(* Let $\mathbb{Z}/2\mathbb{Z}$ act on $\mathbb{R}^2$ by $0\cdot(u,v)^T=(u,v)^T$ and $1\cdot(u,v)^T=(v,u)^T$. Let $L=\{(u,u)^T:u\in\mathbb{R}\}$, $HP_A=\{(u,v)^T: v>u\}$, $HP_B=\{(u,v)^T:v<u\}$. Let $X$ be a random variable in $\mathbb{R}^2$ with $\mathbb{E}(\|X\|^2)<+\infty$ and $t_0=\mathbb{E}(X)$. (1) If $t_0\in L$, then $[t_0]$ is a Fréchet mean of $[X]$ if and only if $\mathbb{P}(X\in L)=1$. If $t_0\in HP_A$ (resp. $HP_B$), then $[t_0]$ is a Fréchet mean of $[X]$ if and only if $\mathbb{P}(X\in HP_A\cup L)=1$ (resp. $\mathbb{P}(X\in HP_B\cup L)=1$). (2) If $X\sim\mathcal{N}(t_0,s^2\mathrm{Id}_2)$ with $s>0$, then the Fréchet mean of $[X]$ exists and is unique; it has a representative $m_\star$ lying on the line through $t_0$ perpendicular to $L$, and with $d=\mathrm{dist}(t_0,L)$ the consistency bias $\tilde\rho(d,s)=d_Q([t_0],[m_\star])$ equals $$\tilde\rho(d,s)=s\,\frac{2}{\pi}\int_{d/s}^{+\infty} r^2\exp\Big(-\frac{r^2}{2}\Big)\,g\Big(\frac{d}{rs}\Big)\,dr,$$ where $g(x)=\sin(\arccos x)-x\arccos x$ for $x\in[0,1]$ (a nonnegative function). Moreover: (a) if $d>0$, then $\tilde\rho(d,s)\sim s\,\frac{2}{\pi}\int_0^{+\infty}r^2\exp(-r^2/2)\,dr$ as $s\to+\infty$; (b) if $d>0$, then $\tilde\rho(d,s)=o(s^k)$ as $s\to0$ for every $k\in\mathbb{N}$; (c) $s\mapsto\tilde\rho(0,s)$ is linear in $s$.
   Context: $\mathbb{R}^2$ carries the Euclidean norm. $[m]$ denotes the orbit of $m$, $d_Q([a],[b])=\min_{\tau\in\mathbb{Z}/2\mathbb{Z}}\|\tau\cdot a-b\|$, $F(m)=\mathbb{E}\big(\min_{\tau}\|\tau\cdot X-m\|^2\big)$, and $[m_\star]$ is a Fréchet mean of $[X]$ if $m_\star$ is a global minimiser of $F$. *)

theory Defs
  imports "HOL-Probability.Probability" "HOL-Library.Landau_Symbols"
begin

text \<open>Action of Z/2Z (represented by bool: False = 0, True = 1) on R^2 = real \<times> real.\<close>
fun z2act :: "bool \<Rightarrow> real \<times> real \<Rightarrow> real \<times> real" where
  "z2act False p = p"
| "z2act True p = (snd p, fst p)"

definition orbit :: "real \<times> real \<Rightarrow> (real \<times> real) set" where
  "orbit m = range (\<lambda>\<tau>. z2act \<tau> m)"

definition dQ :: "real \<times> real \<Rightarrow> real \<times> real \<Rightarrow> real" where
  "dQ a b = Min (range (\<lambda>\<tau>. norm (z2act \<tau> a - b)))"

definition Lline :: "(real \<times> real) set" where
  "Lline = {(u, u) | u. True}"

definition HPA :: "(real \<times> real) set" where
  "HPA = {(u, v). v > u}"

definition HPB :: "(real \<times> real) set" where
  "HPB = {(u, v). v < u}"

definition frechetF :: "'w measure \<Rightarrow> ('w \<Rightarrow> real \<times> real) \<Rightarrow> real \<times> real \<Rightarrow> real" where
  "frechetF M X m = (LINT \<omega>|M. Min (range (\<lambda>\<tau>. (norm (z2act \<tau> (X \<omega>) - m))\<^sup>2)))"

definition frechet_mean :: "'w measure \<Rightarrow> ('w \<Rightarrow> real \<times> real) \<Rightarrow> real \<times> real \<Rightarrow> bool" where
  "frechet_mean M X m \<longleftrightarrow> (\<forall>m'. frechetF M X m \<le> frechetF M X m')"

definition gauss2 :: "real \<times> real \<Rightarrow> real \<Rightarrow> real \<times> real \<Rightarrow> ennreal" where
  "gauss2 t0 s p = ennreal (normal_density (fst t0) s (fst p) * normal_density (snd t0) s (snd p))"

definition gfun :: "real \<Rightarrow> real" where
  "gfun x = sin (arccos x) - x * arccos x"

definition rho_tilde :: "real \<Rightarrow> real \<Rightarrow> real" where
  "rho_tilde d s = s * (2 / pi) *
     (LBINT r:{d/s..}. r\<^sup>2 * exp (- (r\<^sup>2) / 2) * gfun (d / (r * s)))"

end

theory Submission
  imports Defs
begin

text \<open>In the coordinates \<open>l = u + v\<close> and \<open>\<delta> = v - u\<close> the squared quotient distance decouples:
  \<open>min\<^sub>\<tau> \<parallel>\<tau>\<cdot>x - m\<parallel>\<^sup>2 = (l\<^sub>x - l\<^sub>m)\<^sup>2/2 + (\<bar>\<delta>\<^sub>x\<bar> - \<bar>\<delta>\<^sub>m\<bar>)\<^sup>2/2\<close>. Hence
  \<open>F(m) = C + (l\<^sub>m - E l\<^sub>X)\<^sup>2/2 + (\<bar>\<delta>\<^sub>m\<bar> - E\<bar>\<delta>\<^sub>X\<bar>)\<^sup>2/2\<close>, so the Frechet means are exactly
  the \<open>m\<close> with \<open>l\<^sub>m = E l\<^sub>X\<close> and \<open>\<bar>\<delta>\<^sub>m\<bar> = E\<bar>\<delta>\<^sub>X\<bar>\<close>: they exist, form a single orbit, and
  one of them lies on the perpendicular to \<open>L\<close> through \<open>E X\<close>. The mean \<open>E X\<close> is among them iff
  \<open>\<bar>E \<delta>\<^sub>X\<bar> = E\<bar>\<delta>\<^sub>X\<bar>\<close>, i.e. iff \<open>\<delta>\<^sub>X\<close> almost surely has the sign of \<open>E \<delta>\<^sub>X\<close>.

  For \<open>X \<sim> N(t\<^sub>0, s\<^sup>2 Id)\<close> we have \<open>\<delta>\<^sub>X \<sim> N(\<delta>, \<sigma>\<^sup>2)\<close> with \<open>\<sigma> = \<surd>2 s\<close>, and
  \<open>E\<bar>\<delta>\<^sub>X\<bar> = \<bar>\<delta>\<bar> + 2\<sigma> \<Psi>(\<bar>\<delta>\<bar>/\<sigma>)\<close> for the normal loss function \<open>\<Psi>(a) = E (Z - a)\<^sup>+\<close>; so the
  bias is \<open>2s \<Psi>(d/s)\<close>. Writing \<open>r\<^sup>2 g(a/r)\<close> as an integral over \<open>w \<in> (a, r)\<close> and exchanging the
  order of integration turns the integral defining \<open>\<rho>\<close> into \<open>\<pi> \<Psi>(a)\<close>. The asymptotics follow
  from \<open>\<phi>(a) - a \<le> \<Psi>(a) \<le> \<phi>(a)\<close>.\<close>

section \<open>Geometry of the quotient\<close>

lemma Min_range_bool: "Min (range (f::bool \<Rightarrow> 'a::linorder)) = min (f False) (f True)"
proof -
  have "range f = {f False, f True}" by (auto simp: UNIV_bool)
  then show ?thesis by simp
qed

lemma min_square_diff_sum: "min ((p-q)\<^sup>2) ((p+q)\<^sup>2) = (\<bar>p\<bar>-\<bar>q\<bar>)\<^sup>2" for p q :: real
proof -
  have d: "(p+q)\<^sup>2 - (p-q)\<^sup>2 = 4*(p*q)" by (simp add: power2_eq_square algebra_simps)
  show ?thesis
  proof (cases "p*q \<ge> 0")
    case True
    then have "(p-q)\<^sup>2 \<le> (p+q)\<^sup>2" using d by linarith
    moreover have "(\<bar>p\<bar>-\<bar>q\<bar>)\<^sup>2 = (p-q)\<^sup>2" using True
      by (cases "p \<ge> 0"; cases "q \<ge> 0") (auto simp: power2_eq_square algebra_simps mult_le_0_iff zero_le_mult_iff)
    ultimately show ?thesis by (simp add: min_def)
  next
    case False
    then have "\<not> (p-q)\<^sup>2 \<le> (p+q)\<^sup>2" using d by linarith
    moreover have "(\<bar>p\<bar>-\<bar>q\<bar>)\<^sup>2 = (p+q)\<^sup>2" using False
      by (cases "p \<ge> 0"; cases "q \<ge> 0") (auto simp: power2_eq_square algebra_simps mult_le_0_iff zero_le_mult_iff)
    ultimately show ?thesis by (simp add: min_def)
  qed
qed

lemma Min_orbit_sqdist:
  "Min (range (\<lambda>\<tau>. (norm (z2act \<tau> x - m))\<^sup>2)) =
    ((fst x + snd x) - (fst m + snd m))\<^sup>2/2 + (\<bar>snd x - fst x\<bar> - \<bar>snd m - fst m\<bar>)\<^sup>2/2"
proof -
  obtain x1 x2 m1 m2 where x: "x = (x1,x2)" and m: "m = (m1,m2)" by (cases x, cases m)
  have n: "(norm (p::real\<times>real))\<^sup>2 = (fst p)\<^sup>2 + (snd p)\<^sup>2" for p
    by (cases p) (simp add: norm_Pair)
  have id: "(x1-m1)\<^sup>2 + (x2-m2)\<^sup>2 = ((x1+x2)-(m1+m2))\<^sup>2/2 + ((x2-x1)-(m2-m1))\<^sup>2/2"
    by (simp add: power2_eq_square field_simps)
  have swap: "(x2-m1)\<^sup>2 + (x1-m2)\<^sup>2 = ((x1+x2)-(m1+m2))\<^sup>2/2 + ((x2-x1)+(m2-m1))\<^sup>2/2"
    by (simp add: power2_eq_square field_simps)
  have "min ((x1-m1)\<^sup>2 + (x2-m2)\<^sup>2) ((x2-m1)\<^sup>2 + (x1-m2)\<^sup>2)
     = ((x1+x2)-(m1+m2))\<^sup>2/2 + min (((x2-x1)-(m2-m1))\<^sup>2) (((x2-x1)+(m2-m1))\<^sup>2)/2"
    unfolding id swap by (simp add: min_def)
  then show ?thesis unfolding Min_range_bool x m min_square_diff_sum by (simp add: n)
qed

lemma dQ_eq_abs_diff:
  assumes "fst a + snd a = fst b + snd b"
  shows "dQ a b = \<bar>\<bar>snd a - fst a\<bar> - \<bar>snd b - fst b\<bar>\<bar> / sqrt 2"
proof -
  have sq: "Min (range (\<lambda>\<tau>. (norm (z2act \<tau> a - b))\<^sup>2)) = (dQ a b)\<^sup>2"
    unfolding dQ_def Min_range_bool by (simp add: min_def power_mono)
  have "(dQ a b)\<^sup>2 = (\<bar>snd a - fst a\<bar> - \<bar>snd b - fst b\<bar>)\<^sup>2/2"
    unfolding sq[symmetric] Min_orbit_sqdist using assms by simp
  moreover have "dQ a b \<ge> 0" unfolding dQ_def Min_range_bool by simp
  ultimately have "dQ a b = sqrt ((\<bar>snd a - fst a\<bar> - \<bar>snd b - fst b\<bar>)\<^sup>2/2)"
    by (metis real_sqrt_abs abs_of_nonneg)
  then show ?thesis by (simp add: real_sqrt_divide)
qed

lemma orbit_Pair: "orbit (a, b) = {(a, b), (b, a)}"
  unfolding orbit_def by (auto simp: UNIV_bool)

lemma dist_diag_sq: "(dist t (v, v))\<^sup>2 = (snd t - fst t)\<^sup>2 / 2 + (fst t + snd t - 2 * v)\<^sup>2 / 2"
proof -
  have "(dist t (v, v))\<^sup>2 = (fst t - v)\<^sup>2 + (snd t - v)\<^sup>2"
    by (cases t) (simp add: dist_Pair_Pair dist_real_def)
  then show ?thesis by (simp add: power2_eq_square field_simps)
qed

lemma infdist_Lline: "infdist t Lline = \<bar>snd t - fst t\<bar> / sqrt 2"
proof (rule antisym)
  define u where "u = (fst t + snd t)/2"
  have "(u,u) \<in> Lline" by (auto simp: Lline_def)
  then have "infdist t Lline \<le> dist t (u,u)" by (rule infdist_le)
  also have "dist t (u,u) = sqrt ((dist t (u,u))\<^sup>2)" by simp
  also have "\<dots> = \<bar>snd t - fst t\<bar> / sqrt 2"
  proof -
    have "fst t + snd t - 2 * u = 0" unfolding u_def by simp
    then show ?thesis unfolding dist_diag_sq by (simp add: real_sqrt_divide)
  qed
  finally show "infdist t Lline \<le> \<bar>snd t - fst t\<bar> / sqrt 2" .
next
  have ne: "Lline \<noteq> {}" by (auto simp: Lline_def)
  show "\<bar>snd t - fst t\<bar> / sqrt 2 \<le> infdist t Lline"
    unfolding infdist_notempty[OF ne]
  proof (rule cINF_greatest[OF ne])
    fix p assume "p \<in> Lline"
    then obtain v where p: "p = (v,v)" by (auto simp: Lline_def)
    have "sqrt ((snd t - fst t)\<^sup>2 / 2) \<le> sqrt ((dist t p)\<^sup>2)"
      unfolding p dist_diag_sq by (intro real_sqrt_le_mono) simp
    then show "\<bar>snd t - fst t\<bar> / sqrt 2 \<le> dist t p" by (simp add: real_sqrt_divide)
  qed
qed

lemma Lline_iff: "x \<in> Lline \<longleftrightarrow> snd x - fst x = 0"
  by (cases x) (auto simp: Lline_def)
lemma HPA_iff: "x \<in> HPA \<longleftrightarrow> snd x - fst x > 0"
  by (cases x) (auto simp: HPA_def)
lemma HPB_iff: "x \<in> HPB \<longleftrightarrow> snd x - fst x < 0"
  by (cases x) (auto simp: HPB_def)
lemma HPA_Un_Lline_iff: "x \<in> HPA \<union> Lline \<longleftrightarrow> snd x - fst x \<ge> 0"
  by (cases x) (auto simp: Lline_def HPA_def)
lemma HPB_Un_Lline_iff: "x \<in> HPB \<union> Lline \<longleftrightarrow> snd x - fst x \<le> 0"
  by (cases x) (auto simp: Lline_def HPB_def)

section \<open>The Frechet function\<close>

lemma integral_abs_eq_integral_iff_AE_nonneg:
  fixes f :: "'a \<Rightarrow> real"
  assumes "integrable M f"
  shows "(\<integral>x. \<bar>f x\<bar> \<partial>M) = (\<integral>x. f x \<partial>M) \<longleftrightarrow> (AE x in M. 0 \<le> f x)"
proof -
  have "(\<integral>x. \<bar>f x\<bar> \<partial>M) - (\<integral>x. f x \<partial>M) = (\<integral>x. \<bar>f x\<bar> - f x \<partial>M)"
    using assms by simp
  then have "(\<integral>x. \<bar>f x\<bar> \<partial>M) = (\<integral>x. f x \<partial>M) \<longleftrightarrow> (\<integral>x. \<bar>f x\<bar> - f x \<partial>M) = 0" by linarith
  also have "\<dots> \<longleftrightarrow> (AE x in M. \<bar>f x\<bar> - f x = 0)"
    by (rule integral_nonneg_eq_0_iff_AE) (use assms in auto)
  also have "\<dots> \<longleftrightarrow> (AE x in M. 0 \<le> f x)"
    by (rule arg_cong[where f="almost_everywhere M"]) (auto simp: abs_if)
  finally show ?thesis .
qed

locale Z2_frechet = prob_space M for M :: "'w measure" +
  fixes X :: "'w \<Rightarrow> real \<times> real"
  assumes X_measurable[measurable]: "X \<in> borel_measurable M"
    and square_integrable: "integrable M (\<lambda>\<omega>. (norm (X \<omega>))\<^sup>2)"
begin

definition sum_coord :: "'w \<Rightarrow> real" where
  "sum_coord \<omega> = fst (X \<omega>) + snd (X \<omega>)"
_ _ _ _ _
• [Problem details]
Working from the entries above, find every line in which the word "also" occurs and copy it.

• [Solution below]
  also have "dist t (u,u) = sqrt ((dist t (u,u))\<^sup>2)" by simp
  also have "\<dots> = \<bar>snd t - fst t\<bar> / sqrt 2"
  also have "\<dots> \<longleftrightarrow> (AE x in M. \<bar>f x\<bar> - f x = 0)"
  also have "\<dots> \<longleftrightarrow> (AE x in M. 0 \<le> f x)"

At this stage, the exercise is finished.